(* Let $\alpha,\beta>0$ and $p,q\in(0,1)$. Let $N\sim\mathrm{NBin}(\alpha,p)$ and let $X_1,X_2,\dots$ be independent copies of $X\sim\mathrm{NBin}(\beta,q)$, independent of $N$, and let $L=X_1+\dots+X_N$. Then $a_n=\mathbb{P}[L=n]$ satisfies \[ a_n\sim C\, z_1^{-n} n^{\alpha-1}\qquad (n\to\infty), \] where \[ z_1=\frac{1-q(1-p)^{1/\beta}}{1-q},\qquad C=\frac{(pq)^{\alpha}(1-p)^{\alpha/\beta}}{\Gamma(\alpha)\,\beta^{\alpha}\,(1-q(1-p)^{1/\beta})^{\alpha}}. \]
   Context: $\mathrm{NBin}(\alpha,p)$ denotes the negative binomial distribution $\mathbb{P}[Y=n]=\binom{\alpha+n-1}{n}p^{\alpha}(1-p)^n$, $n\ge0$, with probability generating function $\left(\frac{p}{1-(1-p)z}\right)^{\alpha}$. Thus $L$ has probability generating function $\left(\frac{p}{1-(1-p)\left(\frac{q}{1-(1-q)z}\right)^{\beta}}\right)^{\alpha}$. *)

theory Defs
  imports "HOL-Probability.Probability" "HOL-Library.Landau_Symbols"
begin

definition nbin :: "real \<Rightarrow> real \<Rightarrow> nat \<Rightarrow> real" where
  "nbin \<alpha> p n = ((\<alpha> + real n - 1) gchoose n) * p powr \<alpha> * (1 - p) ^ n"

fun iid_sum_pmf :: "nat pmf \<Rightarrow> nat \<Rightarrow> nat pmf" where
  "iid_sum_pmf X 0 = return_pmf 0"
| "iid_sum_pmf X (Suc k) =
     bind_pmf (iid_sum_pmf X k) (\<lambda>s. bind_pmf X (\<lambda>x. return_pmf (s + x)))"

definition random_sum_pmf :: "nat pmf \<Rightarrow> nat pmf \<Rightarrow> nat pmf" where
  "random_sum_pmf N X = bind_pmf N (iid_sum_pmf X)"

end

theory Submission
  imports Defs "HOL-Complex_Analysis.Complex_Analysis" "HOL-Real_Asymp.Real_Asymp"
begin

text \<open>
  The generating function of L is G(x) = p^\<alpha> D(x)^(-\<alpha>), where
  D(z) = 1 - \<kappa> (1 - (1 - q) z)^(-\<beta>) and \<kappa> = (1 - p) q^\<beta>. The denominator D has a simple zero
  at z1, where 1 - (1 - q) z1 = c = q (1 - p)^(1/\<beta>), and no other zero on the closed disc
  |z| \<le> z1, because there |1 - (1 - q) z| > c away from z1. Hence
  G(z) = p^\<alpha> \<Phi>(z) (1 - z/z1)^(-\<alpha>) with \<Phi>(z) = (D(z) / (1 - z/z1))^(-\<alpha>) holomorphic on a
  disc of radius larger than z1. The coefficients binom(\<alpha> + m - 1, m) z1^(-m) of
  (1 - z/z1)^(-\<alpha>) behave like z1^(-m) m^(\<alpha> - 1) / \<Gamma>(\<alpha>), and convolving them with the
  geometrically smaller Taylor coefficients of \<Phi> only multiplies this asymptotic by
  \<Phi>(z1) = (\<beta> (1 - c) / c)^(-\<alpha>) (Darboux's method).
\<close>

section \<open>Negative binomial series\<close>

lemma gbinomial_negated_sums:
  fixes a z :: real
  assumes "\<bar>z\<bar> < 1"
  shows "(\<lambda>n. ((a + real n - 1) gchoose n) * z ^ n) sums (1 - z) powr (-a)"
proof -
  have "(\<lambda>n. ((-a) gchoose n) * (-z) ^ n) sums (1 + -z) powr (-a)"
    by (rule gen_binomial_real) (use assms in simp)
  moreover have "((-a) gchoose n) * (-z) ^ n = ((a + real n - 1) gchoose n) * z ^ n" for n
  proof -
    have "((-a) gchoose n) = (-1) ^ n * ((a + real n - 1) gchoose n)"
      by (subst gbinomial_negated_upper) (simp add: algebra_simps)
    moreover have "(-z) ^ n = (-1) ^ n * z ^ n"
      by (rule power_minus)
    moreover have "(-1 :: real) ^ n * (-1) ^ n = 1"
      by (simp flip: power_mult_distrib)
    ultimately show ?thesis
      by (metis (no_types, lifting) mult.assoc mult.left_commute mult_1)
  qed
  ultimately show ?thesis by simp
qed

lemma nbin_sums:
  fixes a p t :: real
  assumes "\<bar>(1 - p) * t\<bar> < 1"
  shows "(\<lambda>n. nbin a p n * t ^ n) sums (p powr a * (1 - (1 - p) * t) powr (-a))"
  using sums_mult[OF gbinomial_negated_sums[OF assms, of a], of "p powr a"]
  by (simp add: nbin_def power_mult_distrib mult_ac)

lemma gbinomial_nonneg:
  fixes a :: real
  assumes "a > 0"
  shows "((a + real n - 1) gchoose n) \<ge> 0"
  using pochhammer_pos[OF assms, of n] by (simp add: gbinomial_pochhammer')

section \<open>Probability generating functions\<close>

definition pgf :: "nat pmf \<Rightarrow> real \<Rightarrow> ennreal" where
  "pgf Y x = (\<integral>\<^sup>+n. ennreal (x ^ n) \<partial>measure_pmf Y)"

lemma pgf_eq_ennreal_iff_sums:
  assumes "0 \<le> x" "0 \<le> V"
  shows "pgf Y x = ennreal V \<longleftrightarrow> (\<lambda>n. pmf Y n * x ^ n) sums V"
proof -
  have "pgf Y x = (\<Sum>n. ennreal (pmf Y n * x ^ n))"
    unfolding pgf_def nn_integral_measure_pmf nn_integral_count_space_nat
    using assms by (simp add: ennreal_mult')
  moreover have "(\<lambda>n. ennreal (pmf Y n * x ^ n)) sums (\<Sum>n. ennreal (pmf Y n * x ^ n))"
    by (rule summable_sums[OF summableI])
  ultimately have "pgf Y x = ennreal V \<longleftrightarrow> (\<lambda>n. ennreal (pmf Y n * x ^ n)) sums ennreal V"
    using sums_unique2 by metis
  also have "\<dots> \<longleftrightarrow> (\<lambda>n. pmf Y n * x ^ n) sums V"
    using assms by (intro sums_ennreal) auto
  finally show ?thesis .
qed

......

=== Task to carry out ===
When you reach the line containing "from z1. Hence" in the data above, start copying exactly, and stop after the line containing "(1 - z/z1)^(-\<alpha>) behave".

=== Exercise answer ===
  |z| \<le> z1, because there |1 - (1 - q) z| > c away from z1. Hence
  G(z) = p^\<alpha> \<Phi>(z) (1 - z/z1)^(-\<alpha>) with \<Phi>(z) = (D(z) / (1 - z/z1))^(-\<alpha>) holomorphic on a
  disc of radius larger than z1. The coefficients binom(\<alpha> + m - 1, m) z1^(-m) of
  (1 - z/z1)^(-\<alpha>) behave like z1^(-m) m^(\<alpha> - 1) / \<Gamma>(\<alpha>), and convolving them with the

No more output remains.